__Your task__. Read through the data and report every line in which the word "component" occurs.

__Available data__.
===
(* Let $i,j,k$ be integers with $j>0$ and $0\le k<i$, and suppose $(i,j,k)$ is a virtual knot (one component). Then \[ \mathrm{vu}((i,j,k))\le \frac{(i-1)(j-1)+k}{2}. \]
   Context: Braid conventions: braids on $i$ strands are drawn horizontally, oriented left to right, with positions $1,\dots,i$ numbered from top to bottom, and words are read left to right. The generator $\sigma_m$ is a classical (positive) crossing at which the strand in position $m$ moves to position $m+1$, passing over the strand moving from position $m+1$ to position $m$. Virtual crossings carry no over/under information. $VB^1_{i,j}$ is obtained from $(\sigma_1\cdots\sigma_{i-1})^j$ by replacing the crossings of the first (left-most) block $\sigma_1\cdots\sigma_{i-1}$ by virtual crossings. $B_k=\sigma_k\cdots\sigma_1$, with $B_0$ trivial. $(i,j,k)$ is the closure of $VB^1_{i,j}B_k$. Virtual knots are considered up to generalized Reidemeister moves: classical R1–R3, virtual VR1–VR3 and mixed MR. A crossing change switches a classical crossing. A virtual knot is virtually null-homotopic if it can be turned into the unknot by these moves and crossing changes. For such a knot $K$, $\mathrm{vu}(K)$ is the minimal number of crossing changes needed to do so. *)

theory Defs
  imports Main
begin

text \<open>A (one-component) virtual knot diagram is encoded by its signed Gauss code:
  the cyclic word of crossings met while travelling once along the knot.  An entry
  (c, ov, s) records the crossing label c, whether the strand passes over (ov = True)
  or under (ov = False) at this passage, and the sign of the crossing (s = True means
  positive).  Virtual crossings are not recorded; virtual and mixed moves
  (VR1-VR3, MR) do not change the Gauss code, so generalized Reidemeister
  equivalence of virtual knots is the equivalence of Gauss codes generated by
  cyclic rotation and the Gauss-code versions of R1, R2, R3.\<close>

type_synonym entry = "nat \<times> bool \<times> bool"
type_synonym gcode = "entry list"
===
__Task output__.
(* Let $i,j,k$ be integers with $j>0$ and $0\le k<i$, and suppose $(i,j,k)$ is a virtual knot (one component). Then \[ \mathrm{vu}((i,j,k))\le \frac{(i-1)(j-1)+k}{2}. \]
text \<open>A (one-component) virtual knot diagram is encoded by its signed Gauss code:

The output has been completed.